Traditionally, most office environments are very professional ones in which people dress formally and do not curse, but the recent poll suggests that the times are rapidly changing as younger people dive into the workforce.
On the contrary, 45 percent of baby boomers noted that swearing in the workplace “is too casual and feels unprofessional.” Moreover, 80 percent of millennials said they were more likely to curse if their boss is seen cursing, whereas only 61 percent of baby boomers agreed.
Michael Schwebel, PhD., a community resilience and climate change adaptation specialist at the University is a part of the millennial generation. He said that the increase in foul language is correlated with more comfortability in work environments. He said that today’s youth are frequently situated in non-formal environments, and therefore they have learned to act less formal.
With regard to millennial females, 67 percent of women admitted to swearing at work, compared with 66 percent of men. Millennial women are also less offended by listening to curses at their place of work. Contradictorily, 50 percent of millennial men preferred a working environment where swearing is commonplace, whereas 40 percent of millennial women said they would prefer a working environment in which cursing is a common practice.
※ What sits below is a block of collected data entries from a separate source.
lemma inner_vanishing_along_curve:
  fixes p :: "real \<Rightarrow> 'b::real_inner" and y :: "real \<Rightarrow> 'a::real_normed_vector"
    and B :: "'a \<Rightarrow> 'b"
  assumes "0 < S" "s \<in> {0..S}"
    and p: "(p has_vector_derivative q) (at s within {0..S})"
    and y: "(y has_vector_derivative v) (at s within {0..S})"
    and B: "(B has_derivative DB) (at (y s))"
    and zero: "\<forall>t\<in>{0..S}. p t \<bullet> B (y t) = 0"
  shows "p s \<bullet> DB v + q \<bullet> B (y s) = 0"
proof -
  have "((\<lambda>t. p t \<bullet> B (y t)) has_derivative (\<lambda>h. p s \<bullet> DB (h *\<^sub>R v) + (h *\<^sub>R q) \<bullet> B (y s)))
      (at s within {0..S})"
    using has_derivative_inner[OF p[unfolded has_vector_derivative_def]
        has_derivative_compose[OF y[unfolded has_vector_derivative_def] B]] .
  moreover have "(\<lambda>h. p s \<bullet> DB (h *\<^sub>R v) + (h *\<^sub>R q) \<bullet> B (y s)) = (\<lambda>h. h *\<^sub>R (p s \<bullet> DB v + q \<bullet> B (y s)))"
    using linear_cmul[OF has_derivative_linear[OF B]] by (simp add: fun_eq_iff distrib_left)
  ultimately have "((\<lambda>t. p t \<bullet> B (y t)) has_vector_derivative (p s \<bullet> DB v + q \<bullet> B (y s)))
      (at s within cbox 0 S)"
    by (simp add: has_vector_derivative_def)
  moreover have "((\<lambda>t. p t \<bullet> B (y t)) has_vector_derivative 0) (at s within cbox 0 S)"
    by (rule has_vector_derivative_transform[where f="\<lambda>_. 0"]) (use \<open>s \<in> {0..S}\<close> zero in auto)
  ultimately show ?thesis
    using vector_derivative_unique_within_closed_interval[OF \<open>0 < S\<close>] \<open>s \<in> {0..S}\<close> by simp
qed

lemma Hfun_gradient_inner:
  fixes f :: "real^'n \<Rightarrow> 'a \<Rightarrow> real^'n" and g :: "'m::finite \<Rightarrow> real^'n \<Rightarrow> real^'n"
  assumes H: "GDERIV (\<lambda>x. Hfun f g l0 l1h x p0 P \<pi> lam w0 w a) x :> G"
    and f: "((\<lambda>x. f x a) has_derivative Df) (at x)"
    and g: "\<And>i. (g i has_derivative Dg i) (at x)"
    and l0: "GDERIV (\<lambda>x. l0 x a) x :> l0x"
    and l1h: "GDERIV (\<lambda>x. l1h x w0 w) x :> l1hx"
  shows "G \<bullet> v = P \<bullet> (w0 *\<^sub>R Df v + (\<Sum>i\<in>UNIV. (w $ i) *\<^sub>R Dg i v)) - lam * ((w0 *\<^sub>R l0x + l1hx) \<bullet> v)"
proof -
  have "((\<lambda>x. Hfun f g l0 l1h x p0 P \<pi> lam w0 w a) has_derivative
      (\<lambda>h. P \<bullet> (w0 *\<^sub>R Df h + (\<Sum>i\<in>UNIV. (w $ i) *\<^sub>R Dg i h)) - lam * ((h \<bullet> l0x) * w0 + h \<bullet> l1hx))) (at x)"
    using f g l0 l1h unfolding Hfun_def ell_e_def gderiv_def
    by (auto intro!: derivative_eq_intros)
  from fun_cong[OF has_derivative_unique[OF H[unfolded gderiv_def] this], of v] show ?thesis
    by (simp add: inner_commute inner_add_right algebra_simps)
qed

lemma adjoint_lie_bracket_identity:
  fixes f :: "real^'n \<Rightarrow> 'a \<Rightarrow> real^'n" and g :: "'m::finite \<Rightarrow> real^'n \<Rightarrow> real^'n"
  assumes "0 < S" "s \<in> {0..S}"
    and adjoint: "(p has_vector_derivative - G) (at s within {0..S})"
    and H: "GDERIV (\<lambda>x. Hfun f g l0 l1h x p0 (p s) \<pi> lam w0 w a) (y s) :> G"
    and state: "(y has_vector_derivative (w0 *\<^sub>R f (y s) a + (\<Sum>i\<in>UNIV. (w $ i) *\<^sub>R g i (y s))))
      (at s within {0..S})"
    and zero: "\<forall>t\<in>{0..S}. p t \<bullet> B (y t) = 0"
    and f: "((\<lambda>x. f x a) has_derivative Df) (at (y s))"
    and g: "\<And>i. g i differentiable (at (y s))"
    and B: "B differentiable (at (y s))"
    and l0: "GDERIV (\<lambda>x. l0 x a) (y s) :> l0x"
    and l1h: "GDERIV (\<lambda>x. l1h x w0 w) (y s) :> l1hx"
  shows "p s \<bullet> (w0 *\<^sub>R lie_bracket (\<lambda>x. f x a) B (y s)
      + (\<Sum>j\<in>UNIV. (w $ j) *\<^sub>R lie_bracket (g j) B (y s)))
    = - lam * ((w0 *\<^sub>R l0x + l1hx) \<bullet> B (y s))"
proof -
  define DB where "DB = frechet_derivative B (at (y s))"
  define Dg where "Dg i = frechet_derivative (g i) (at (y s))" for i
  have DB: "(B has_derivative DB) (at (y s))" and Dg: "\<And>i. (g i has_derivative Dg i) (at (y s))"
    using B g frechet_derivative_works unfolding DB_def Dg_def by blast+
  have along: "p s \<bullet> DB (w0 *\<^sub>R f (y s) a + (\<Sum>i\<in>UNIV. (w $ i) *\<^sub>R g i (y s))) = G \<bullet> B (y s)"
    using inner_vanishing_along_curve[OF assms(1,2) adjoint state DB zero] by simp
  have gradient: "G \<bullet> B (y s) = p s \<bullet> (w0 *\<^sub>R Df (B (y s)) + (\<Sum>i\<in>UNIV. (w $ i) *\<^sub>R Dg i (B (y s))))
      - lam * ((w0 *\<^sub>R l0x + l1hx) \<bullet> B (y s))"
    using Hfun_gradient_inner[OF H f Dg l0 l1h] .
  have bracket_f: "lie_bracket (\<lambda>x. f x a) B (y s) = DB (f (y s) a) - Df (B (y s))"
    and bracket_g: "\<And>j. lie_bracket (g j) B (y s) = DB (g j (y s)) - Dg j (B (y s))"
    using lie_bracket_at DB Dg f by blast+
  have DB_state: "DB (w0 *\<^sub>R f (y s) a + (\<Sum>i\<in>UNIV. (w $ i) *\<^sub>R g i (y s)))
      = w0 *\<^sub>R DB (f (y s) a) + (\<Sum>i\<in>UNIV. (w $ i) *\<^sub>R DB (g i (y s)))"
    using has_derivative_linear[OF DB] by (simp add: linear_add linear_sum linear_cmul)
  have "p s \<bullet> (w0 *\<^sub>R lie_bracket (\<lambda>x. f x a) B (y s)
      + (\<Sum>j\<in>UNIV. (w $ j) *\<^sub>R lie_bracket (g j) B (y s)))
    = p s \<bullet> DB (w0 *\<^sub>R f (y s) a + (\<Sum>i\<in>UNIV. (w $ i) *\<^sub>R g i (y s))) - G \<bullet> B (y s)
      - lam * ((w0 *\<^sub>R l0x + l1hx) \<bullet> B (y s))"
    unfolding gradient DB_state bracket_f bracket_g
    by (simp add: inner_add_right inner_diff_right inner_sum_right scaleR_diff_right sum_subtractf
        algebra_simps)
  with along show ?thesis
    by simp
qed

lemma AE_adjoint_lie_bracket_identity:
  fixes f :: "real^'n \<Rightarrow> 'a::euclidean_space \<Rightarrow> real^'n" and g :: "'m::finite \<Rightarrow> real^'n \<Rightarrow> real^'n"
  assumes process: "st_process f g Cs A xc S w0 w \<alpha> y0 y \<beta>"
    and adjoint: "AE s in lebesgue_on {0..S}. \<exists>G.
      GDERIV (\<lambda>x. Hfun f g l0 l1h x p0 (p s) \<pi> lam (w0 s) (w s) (\<alpha> s)) (y s) :> G
      \<and> (p has_vector_derivative - G) (at s within {0..S})"
    and f: "\<forall>x. \<forall>a\<in>A. ((\<lambda>x. f x a) has_derivative fx x a) (at x)"
    and g: "\<And>i x. g i differentiable (at x)"
    and l0: "\<forall>x. \<forall>a\<in>A. GDERIV (\<lambda>x. l0 x a) x :> l0x x a"
    and l1h: "\<forall>x. \<forall>w0\<ge>0. \<forall>w\<in>Cs. GDERIV (\<lambda>x. l1h x w0 w) x :> l1hx x w0 w"
    and B: "\<And>x. B differentiable (at x)"
    and zero: "\<forall>t\<in>{0..S}. p t \<bullet> B (y t) = 0"
    and zero_brackets: "\<forall>i\<in>I. \<forall>t\<in>{0..S}. p t \<bullet> lie_bracket (g i) B (y t) = 0"
  shows "AE s in lebesgue_on {0..S}.
    p s \<bullet> (w0 s *\<^sub>R lie_bracket (\<lambda>x. f x (\<alpha> s)) B (y s)
      + (\<Sum>j\<in>UNIV - I. (w s $ j) *\<^sub>R lie_bracket (g j) B (y s)))
    = - lam * ((w0 s *\<^sub>R l0x (y s) (\<alpha> s) + l1hx (y s) (w0 s) (w s)) \<bullet> B (y s))"
proof -
  have "0 < S"
    and controls: "AE s in lebesgue_on {0..S}. 0 \<le> w0 s \<and> w s \<in> Cs \<and> \<alpha> s \<in> A"
    and state: "AE s in lebesgue_on {0..S}.
      (y has_vector_derivative (w0 s *\<^sub>R f (y s) (\<alpha> s) + (\<Sum>i\<in>UNIV. (w s $ i) *\<^sub>R g i (y s))))
        (at s within {0..S})"
    using process unfolding st_process_def by auto
  have "AE s in lebesgue_on {0..S}. s \<in> {0..S}"
    by (rule AE_I2) simp
  then show ?thesis
    using adjoint controls state
  proof eventually_elim
    case (elim s)
    then obtain G where
      "GDERIV (\<lambda>x. Hfun f g l0 l1h x p0 (p s) \<pi> lam (w0 s) (w s) (\<alpha> s)) (y s) :> G"
      "(p has_vector_derivative - G) (at s within {0..S})"
      by blast
    from adjoint_lie_bracket_identity[OF \<open>0 < S\<close> _ this(2,1) _ zero] elim f g B l0 l1h
    have all: "p s \<bullet> (w0 s *\<^sub>R lie_bracket (\<lambda>x. f x (\<alpha> s)) B (y s)
        + (\<Sum>j\<in>UNIV. (w s $ j) *\<^sub>R lie_bracket (g j) B (y s)))
      = - lam * ((w0 s *\<^sub>R l0x (y s) (\<alpha> s) + l1hx (y s) (w0 s) (w s)) \<bullet> B (y s))"
      by blast
    have "(\<Sum>j\<in>UNIV. (w s $ j) *\<^sub>R lie_bracket (g j) B (y s)) =
        (\<Sum>j\<in>UNIV - I. (w s $ j) *\<^sub>R lie_bracket (g j) B (y s)) +
        (\<Sum>j\<in>I. (w s $ j) *\<^sub>R lie_bracket (g j) B (y s))"
      by (rule sum.subset_diff) auto
    moreover have "p s \<bullet> (\<Sum>j\<in>I. (w s $ j) *\<^sub>R lie_bracket (g j) B (y s)) = 0"
      using zero_brackets elim(1) by (simp add: inner_sum_right)
    ultimately show ?case
      using all by (simp add: inner_add_right)
  qed
qed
“If you look at shows such as TMZ, most people are wearing polos and other non-formalwear to work. It is a very laid back and less strict environment,” said Schwebel. “A professional environment like that would never have existed when baby boomers were the main generation in the workplace. So the millennials are very accustomed to their situations being non formal. These factors may explain the increase in cursing in the workplace.
Danielle Cohen, a senior psychology student, said that she believes the statistics are a result of living in a less censored world in which social media utilizes less filters and is based off a younger audiences’ perceptions of the world. “I feel that society is changing, and is using the current millennial mind set as the new social norms,” said Cohen. “If television and radio advertise and use foul language, then psychology would suggest that we are just taking in our own environmental factors and using them as a new 2016 social norm.”
Additionally, Malcolm Wilson, a junior health studies student, agreed that the media plays a tremendous role in shaping the behaviors of today’s young adults. “The media probably plays a big part in this change because as social norms changed throughout the years, the media then became more and more explicit and millennials grew up on that media culture,” said Wilson.